The inability of U.S. 10-Year yields to push higher has been one of the more puzzling aspects of market reaction to the Federal Reserve’s tapering programme. This is especially pertinent given the initial market reaction to the mere mention of it nearly a year ago when Ben Bernanke first suggested it.
US yields jumped from 1.6% to 3% in a matter of weeks last year, as markets fretted about the withdrawal effects of unlimited stimulus.
Now that the program of tapering has begun, yields are counterintuitively going in the opposite direction of where markets think they should be going, while equity markets now appear to be showing signs of exhaustion.

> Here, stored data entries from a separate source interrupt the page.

(* Let $(\mathcal{H},\langle\cdot,\cdot\rangle)$ be a separable Hilbert space of dimension $N\in\mathbb{N}\cup\{\infty\}$, and set $\mathbb{K}=\{1,\dots,N\}$ if $N<\infty$ and $\mathbb{K}=\mathbb{N}$ if $N=\infty$. Let $\mathsf{H}$ be a quasi-self-adjoint operator in $\mathcal{H}$ with purely real, simple, discrete spectrum, whose eigenfunctions $\{\psi_n\}_{n\in\mathbb{K}}$ form a basis of $\mathcal{H}$ quadratically close to some orthonormal basis $\{\chi_n\}_{n\in\mathbb{K}}$ (i.e. $\sum_n\|\psi_n-\chi_n\|^2<\infty$). Let $\{\phi_n\}_{n\in\mathbb{K}}$ be the eigenfunctions of $\mathsf{H}^*$, normalised so that $\langle\psi_m,\phi_n\rangle=\delta_{nm}$ and $\|\phi_n\|=1$. Define the set $$\mathfrak{C}:=\Big\{\sum_{n\in\mathbb{K}}\big[1+\alpha_n\big]\langle\phi_n,\cdot\rangle\phi_n:\ \alpha\in\ell^2(\mathbb{K};[-1,\infty))\Big\}.$$ Then the minimisation problem $\inf_{\Theta\in\mathfrak{C}}\|\Theta-\mathsf{I}\|_2$ has a unique minimiser $\Theta_\star\in\mathfrak{C}$.
   Context: The inner product is linear in the second entry; sums over $\mathbb{K}$ are understood as strong limits when $N=\infty$. $\|\cdot\|_2$ denotes the Hilbert–Schmidt norm, $\|\mathsf{T}\|_2^2=\operatorname{Tr}(\mathsf{T}^*\mathsf{T})$. An operator $\mathsf{H}$ is quasi-self-adjoint if it is densely defined and there is a bounded, non-negative self-adjoint $\Theta$ with bounded inverse such that $\mathsf{H}^*=\Theta\mathsf{H}\Theta^{-1}$ (such $\Theta$ is called a metric for $\mathsf{H}$). A basis means every vector has a unique (norm-convergent) expansion in it. Simple spectrum: all eigenvalues have geometric and algebraic multiplicity one; discrete: compact resolvent. *)

theory Defs
  imports "HOL-Analysis.Analysis"
begin

text \<open>Isabelle/HOL-Analysis only provides real inner product spaces. We introduce
complex vector spaces and complex inner product spaces (inner product conjugate-linear
in the first and linear in the second entry). The real inner product and the norm are
tied to the complex one by Re, so the topology, norm and completeness are the usual ones.\<close>

class complex_vector = real_vector +
  fixes scaleC :: "complex \<Rightarrow> 'a \<Rightarrow> 'a" (infixr \<open>*\<^sub>C\<close> 75)
  assumes scaleC_add_right: "a *\<^sub>C (x + y) = a *\<^sub>C x + a *\<^sub>C y"
    and scaleC_add_left: "(a + b) *\<^sub>C x = a *\<^sub>C x + b *\<^sub>C x"
    and scaleC_scaleC: "a *\<^sub>C (b *\<^sub>C x) = (a * b) *\<^sub>C x"
    and scaleC_one: "1 *\<^sub>C x = x"
    and scaleR_scaleC: "scaleR r x = (complex_of_real r) *\<^sub>C x"

class complex_inner = complex_vector + real_inner +
  fixes cinner :: "'a \<Rightarrow> 'a \<Rightarrow> complex"
  assumes cinner_commute: "cinner x y = cnj (cinner y x)"
    and cinner_add_right: "cinner x (y + z) = cinner x y + cinner x z"
    and cinner_scaleC_right: "cinner x (c *\<^sub>C y) = c * cinner x y"
    and Re_cinner: "Re (cinner x y) = inner x y"

text \<open>Consistency check: complex numbers form a complex inner product space.\<close>

instantiation complex :: complex_vector
begin
definition scaleC_complex_def: "scaleC a (x::complex) = a * x"
instance
  by standard (auto simp: scaleC_complex_def algebra_simps scaleR_conv_of_real)
end

instantiation complex :: complex_inner
begin
definition cinner_complex_def: "cinner (x::complex) y = cnj x * y"
instance
  by standard (auto simp: cinner_complex_def scaleC_complex_def inner_complex_def algebra_simps)
end

definition csubspace :: "'a::complex_vector set \<Rightarrow> bool" where
  "csubspace S \<longleftrightarrow> 0 \<in> S \<and> (\<forall>x\<in>S. \<forall>y\<in>S. x + y \<in> S) \<and> (\<forall>c. \<forall>x\<in>S. c *\<^sub>C x \<in> S)"

definition cspan :: "'a::complex_vector set \<Rightarrow> 'a set" where
  "cspan B = {(\<Sum>b\<in>F. c b *\<^sub>C b) | F c. finite F \<and> F \<subseteq> B}"

definition cbounded_linear :: "('a::complex_inner \<Rightarrow> 'a) \<Rightarrow> bool" where
  "cbounded_linear T \<longleftrightarrow> (\<forall>x y. T (x + y) = T x + T y) \<and> (\<forall>c x. T (c *\<^sub>C x) = c *\<^sub>C T x)
     \<and> (\<exists>M. \<forall>x. norm (T x) \<le> M * norm x)"

text \<open>An (unbounded) operator is given by its domain \<open>D\<close> and its action \<open>h\<close> on \<open>D\<close>
(values of \<open>h\<close> outside \<open>D\<close> are irrelevant).\<close>
definition densely_defined :: "'a::complex_inner set \<Rightarrow> ('a \<Rightarrow> 'a) \<Rightarrow> bool" where
  "densely_defined D h \<longleftrightarrow> csubspace D \<and> closure D = UNIV
     \<and> (\<forall>x\<in>D. \<forall>y\<in>D. h (x + y) = h x + h y) \<and> (\<forall>c. \<forall>x\<in>D. h (c *\<^sub>C x) = c *\<^sub>C h x)"

definition adj_dom :: "'a::complex_inner set \<Rightarrow> ('a \<Rightarrow> 'a) \<Rightarrow> 'a set" where
  "adj_dom D h = {y. \<exists>z. \<forall>x\<in>D. cinner y (h x) = cinner z x}"

definition adj :: "'a::complex_inner set \<Rightarrow> ('a \<Rightarrow> 'a) \<Rightarrow> 'a \<Rightarrow> 'a" where
  "adj D h y = (THE z. \<forall>x\<in>D. cinner y (h x) = cinner z x)"

text \<open>Metric for \<open>H\<close>: bounded, self-adjoint, non-negative, with bounded inverse, and
\<open>H* = \<Theta> H \<Theta>\<^sup>-\<^sup>1\<close> as operators (equal domains and equal actions).\<close>
definition is_metric :: "'a::complex_inner set \<Rightarrow> ('a \<Rightarrow> 'a) \<Rightarrow> ('a \<Rightarrow> 'a) \<Rightarrow> bool" where
  "is_metric D h \<Theta> \<longleftrightarrow> cbounded_linear \<Theta>
     \<and> (\<forall>x y. cinner (\<Theta> x) y = cinner x (\<Theta> y))
     \<and> (\<forall>x. Re (cinner x (\<Theta> x)) \<ge> 0)
     \<and> (\<exists>\<Theta>'. cbounded_linear \<Theta>' \<and> (\<forall>x. \<Theta> (\<Theta>' x) = x) \<and> (\<forall>x. \<Theta>' (\<Theta> x) = x)
          \<and> adj_dom D h = {y. \<Theta>' y \<in> D}
          \<and> (\<forall>y\<in>adj_dom D h. adj D h y = \<Theta> (h (\<Theta>' y))))"

definition quasi_self_adjoint :: "'a::complex_inner set \<Rightarrow> ('a \<Rightarrow> 'a) \<Rightarrow> bool" where
  "quasi_self_adjoint D h \<longleftrightarrow> densely_defined D h \<and> (\<exists>\<Theta>. is_metric D h \<Theta>)"

definition resolvent_set :: "'a::complex_inner set \<Rightarrow> ('a \<Rightarrow> 'a) \<Rightarrow> complex set" where
  "resolvent_set D h = {z. bij_betw (\<lambda>x. h x - z *\<^sub>C x) D UNIV
      \<and> cbounded_linear (the_inv_into D (\<lambda>x. h x - z *\<^sub>C x))}"

definition op_spectrum :: "'a::complex_inner set \<Rightarrow> ('a \<Rightarrow> 'a) \<Rightarrow> complex set" where
  "op_spectrum D h = UNIV - resolvent_set D h"

definition resolvent :: "'a::complex_inner set \<Rightarrow> ('a \<Rightarrow> 'a) \<Rightarrow> complex \<Rightarrow> 'a \<Rightarrow> 'a" where
  "resolvent D h z = the_inv_into D (\<lambda>x. h x - z *\<^sub>C x)"

definition compact_operator :: "('a::complex_inner \<Rightarrow> 'a) \<Rightarrow> bool" where
  "compact_operator T \<longleftrightarrow> (\<forall>S. bounded S \<longrightarrow> compact (closure (T ` S)))"

text \<open>Discrete spectrum: compact resolvent.\<close>
definition compact_resolvent :: "'a::complex_inner set \<Rightarrow> ('a \<Rightarrow> 'a) \<Rightarrow> bool" where
  "compact_resolvent D h \<longleftrightarrow> (\<exists>z\<in>resolvent_set D h. compact_operator (resolvent D h z))"

definition eigenvalue :: "'a::complex_inner set \<Rightarrow> ('a \<Rightarrow> 'a) \<Rightarrow> complex \<Rightarrow> bool" where
  "eigenvalue D h z \<longleftrightarrow> (\<exists>x\<in>D. x \<noteq> 0 \<and> h x = z *\<^sub>C x)"

definition is_eigenvector :: "'a::complex_inner set \<Rightarrow> ('a \<Rightarrow> 'a) \<Rightarrow> 'a \<Rightarrow> bool" where
  "is_eigenvector D h x \<longleftrightarrow> x \<in> D \<and> x \<noteq> 0 \<and> (\<exists>z. h x = z *\<^sub>C x)"

text \<open>Generalised eigenspace (root space) \<open>\<Union>\<^sub>k ker (H - z)\<^sup>k\<close>, with the natural domains
of the powers.\<close>
definition root_space :: "'a::complex_inner set \<Rightarrow> ('a \<Rightarrow> 'a) \<Rightarrow> complex \<Rightarrow> 'a set" where
  "root_space D h z = {x. \<exists>k. (\<forall>j<k. ((\<lambda>y. h y - z *\<^sub>C y) ^^ j) x \<in> D)
                              \<and> ((\<lambda>y. h y - z *\<^sub>C y) ^^ k) x = 0}"

text \<open>Simple spectrum: every eigenvalue has algebraic (hence geometric) multiplicity one,
i.e. its root space is one-dimensional.\<close>
definition simple_spectrum :: "'a::complex_inner set \<Rightarrow> ('a \<Rightarrow> 'a) \<Rightarrow> bool" where
  "simple_spectrum D h \<longleftrightarrow> (\<forall>z. eigenvalue D h z \<longrightarrow>
      (\<exists>v. v \<noteq> 0 \<and> root_space D h z = {c *\<^sub>C v | c. True}))"

definition Ksum :: "nat set \<Rightarrow> (nat \<Rightarrow> 'a::real_normed_vector) \<Rightarrow> 'a" where
  "Ksum K f = lim (\<lambda>m. \<Sum>n\<in>K \<inter> {..m}. f n)"

definition is_basis :: "nat set \<Rightarrow> (nat \<Rightarrow> 'a::complex_inner) \<Rightarrow> bool" where
  "is_basis K e \<longleftrightarrow> (\<forall>x. \<exists>!c. (\<forall>n. n \<notin> K \<longrightarrow> c n = 0)
       \<and> (\<lambda>m. \<Sum>n\<in>K \<inter> {..m}. c n *\<^sub>C e n) \<longlonglongrightarrow> x)"

definition orthonormal_basis :: "nat set \<Rightarrow> (nat \<Rightarrow> 'a::complex_inner) \<Rightarrow> bool" where
  "orthonormal_basis K e \<longleftrightarrow> (\<forall>m\<in>K. \<forall>n\<in>K. cinner (e m) (e n) = (if m = n then 1 else 0))
       \<and> closure (cspan (e ` K)) = UNIV"

definition onb_set :: "'a::complex_inner set \<Rightarrow> bool" where
  "onb_set B \<longleftrightarrow> (\<forall>x\<in>B. \<forall>y\<in>B. cinner x y = (if x = y then 1 else 0)) \<and> closure (cspan B) = UNIV"

text \<open>\<open>\<parallel>T\<parallel>\<^sub>2\<^sup>2 = Tr(T*T) = \<Sum>\<^sub>e \<parallel>T e\<parallel>\<^sup>2\<close> over an orthonormal basis (basis-independent),
valued in \<open>[0,\<infinity>]\<close>.\<close>
definition hs_norm_sq :: "('a::complex_inner \<Rightarrow> 'a) \<Rightarrow> ennreal" where
  "hs_norm_sq T = (\<Sum>\<^sub>\<infinity>e\<in>(SOME B. onb_set B). ennreal ((norm (T e))\<^sup>2))"

definition hs_norm :: "('a::complex_inner \<Rightarrow> 'a) \<Rightarrow> ennreal" where
  "hs_norm T = (if hs_norm_sq T = \<infinity> then \<infinity> else ennreal (sqrt (enn2real (hs_norm_sq T))))"

definition theta_op :: "nat set \<Rightarrow> (nat \<Rightarrow> 'a::complex_inner) \<Rightarrow> (nat \<Rightarrow> real) \<Rightarrow> 'a \<Rightarrow> 'a" where
  "theta_op K \<phi> \<alpha> x = Ksum K (\<lambda>n. complex_of_real (1 + \<alpha> n) *\<^sub>C (cinner (\<phi> n) x *\<^sub>C \<phi> n))"
theorem lemma3p12:
  fixes f :: "real^'n \<Rightarrow> real" and gradf :: "real^'n \<Rightarrow> real^'n"
    and c :: "real^'n \<Rightarrow> real^'m" and J :: "real^'n \<Rightarrow> real^'n^'m"
    and X :: "(real^'n) set"
    and x0 :: "real^'n"
    and tau_m1 alpha_max alpha0 eps_f gamma theta sgm eps_tau kappa_H zeta :: real
    and fplus fzero :: "'w \<Rightarrow> nat \<Rightarrow> real"
    and H :: "'w \<Rightarrow> nat \<Rightarrow> real^'n^'n"
    and g d x :: "'w \<Rightarrow> nat \<Rightarrow> real^'n"
    and y :: "'w \<Rightarrow> nat \<Rightarrow> real^'m"
    and tau alpha :: "'w \<Rightarrow> nat \<Rightarrow> real"
  assumes dims: "CARD('m) \<le> CARD('n)"
    and f_deriv: "\<And>z. (f has_derivative (\<lambda>h. gradf z \<bullet> h)) (at z)"
    and gradf_cont: "continuous_on UNIV gradf"
    and c_deriv: "\<And>z. (c has_derivative (\<lambda>h. J z *v h)) (at z)"
    and J_cont: "continuous_on UNIV J"
    \<comment> \<open>parameters of the algorithm\<close>
    and tau_m1_pos: "tau_m1 > 0"
    and alpha_max: "0 < alpha_max" "alpha_max \<le> 1"
    and alpha0: "0 < alpha0" "alpha0 \<le> alpha_max"
    and eps_f: "eps_f \<ge> 0"
    and gamma: "0 < gamma" "gamma < 1"
    and theta: "0 < theta" "theta < 1"
    and sgm: "0 < sgm" "sgm < 1"
    and eps_tau: "0 < eps_tau" "eps_tau < 1"
    \<comment> \<open>every realization w is a run of SS-SQP\<close>
    and run: "\<And>w. ss_sqp c J x0 tau_m1 alpha_max alpha0 eps_f gamma theta sgm eps_tau
                (fplus w) (fzero w) (H w) (g w) (d w) (y w) (tau w) (alpha w) (x w)"
    \<comment> \<open>(A1)\<close>
    and X_open: "open X" and X_convex: "convex X"
    and X_iterates: "\<And>w k. x w k \<in> X"
    and X_trial: "\<And>w k. x w k + alpha w k *\<^sub>R d w k \<in> X"
    and f_bdd: "bdd_below (f ` X)"
    and gradf_lip: "\<exists>L. \<forall>a\<in>X. \<forall>b\<in>X. norm (gradf a - gradf b) \<le> L * norm (a - b)"
    and gradf_bdd: "bounded (gradf ` X)"
    and c_bdd: "bounded (c ` X)"
    and gradc_lip: "\<And>i. \<exists>L. \<forall>a\<in>X. \<forall>b\<in>X. norm (J a $ i - J b $ i) \<le> L * norm (a - b)"
    and gradc_bdd: "\<And>i. bounded ((\<lambda>z. J z $ i) ` X)"
    and sing_vals: "\<exists>s>0. \<forall>z\<in>X. \<forall>v. s * norm v \<le> norm (transpose (J z) *v v)"
    \<comment> \<open>(A2)\<close>
    and kappa_H: "kappa_H > 0" and zeta: "zeta > 0"
    and H_sym: "\<And>w k. transpose (H w k) = H w k"
    and H_bdd: "\<And>w k. onorm (\<lambda>v. H w k *v v) \<le> kappa_H"
    and H_pd_null: "\<And>w k u. J (x w k) *v u = 0 \<Longrightarrow> zeta * (norm u)\<^sup>2 \<le> u \<bullet> (H w k *v u)"
  shows "\<exists>kappa_l > 0. \<forall>w k.
           Delta_l c (x w k) (tau w k) (g w k) (d w k)
             \<ge> kappa_l * tau w k * ((norm (d w k))\<^sup>2 + norm (c (x w k)))"
proof -
  obtain s where s: "s > 0" "\<And>z v. z \<in> X \<Longrightarrow> s * norm v \<le> norm (transpose (J z) *v v)"
    using sing_vals by blast
  obtain B where "B > 0" and B: "\<And>z. z \<in> X \<Longrightarrow> norm (c z) \<le> B"
    using c_bdd unfolding bounded_pos by auto
  define K where "K = (4 * (2*kappa_H\<^sup>2/zeta + kappa_H)/zeta + 2) * B / s\<^sup>2"
  define C where "C = max (4/zeta) (tau_m1 * (K + 1) / sgm)"
  have "K \<ge> 0"
    using \<open>B > 0\<close> kappa_H zeta by (simp add: K_def)
  have "C > 0"
    using zeta by (simp add: C_def less_max_iff_disj)
  have "tau w k * ((norm (d w k))\<^sup>2 + norm (c (x w k))) / C
      \<le> Delta_l c (x w k) (tau w k) (g w k) (d w k)" for w k
  proof -
    have "(norm (d w k))\<^sup>2 \<le> 4/zeta * max (d w k \<bullet> (H w k *v d w k)) 0 + K * norm (c (x w k))"
      using norm_sq_le_curvature_constraint[OF s(1) s(2)[OF X_iterates] ss_sqp_constraint[OF run]
          B[OF X_iterates] zeta _ H_bdd H_pd_null] kappa_H
      by (simp add: K_def)
    moreover have "tau w k * max (d w k \<bullet> (H w k *v d w k)) 0 + sgm * norm (c (x w k))
        \<le> Delta_l c (x w k) (tau w k) (g w k) (d w k)"
      using ss_sqp_Delta_l_ge[OF run tau_m1_pos] eps_tau sgm norm_le_l1norm[of "c (x w k)"]
      by (smt (verit) mult_left_mono)
    ultimately show ?thesis
      unfolding C_def
      by (intro le_scaled_merit_reduction)
        (use ss_sqp_tau_bounds[OF run tau_m1_pos] eps_tau sgm zeta \<open>K \<ge> 0\<close> in auto)
  qed
  with \<open>C > 0\<close> show ?thesis
    by (intro exI[of _ "1/C"]) auto
qed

This flow into safer haven US treasuries and German bunds has seen yields break below their recent floors, with US 10 year treasury yields breaking below 2.5%, and hitting their lowest levels since October last year, when they traded below 2.47% very briefly.
The key question now being asked is whether this weakness in yields is merely temporary or the beginning of a new move lower and a move higher in US treasury prices.
Investors certainly do have concerns that growth expectations are slightly over optimistic, particularly after yesterday’s European Q1 GDP economic data, while there remains a degree of uncertainty about the health of the US economy and the ability of the US economy to bounce back from its winter freeze up.
US treasury prices may give us some clues here and from the look of the charts there are worrying signs that we could see further US treasury price strength and lower yields.
Yesterday we saw US 10 year prices break above trend line resistance and the 200 day MA for the first time since May last year.
As a directional indicator this would seem to suggest that there is scope for prices to move higher in the medium term and yields lower, towards 2.4%, and even 2.3%. Only a move back below the 200 day MA would negate this directional change in momentum.
If this plays out as expected then the prospects for equity markets in the short term may well suggest further declines in the next month or so.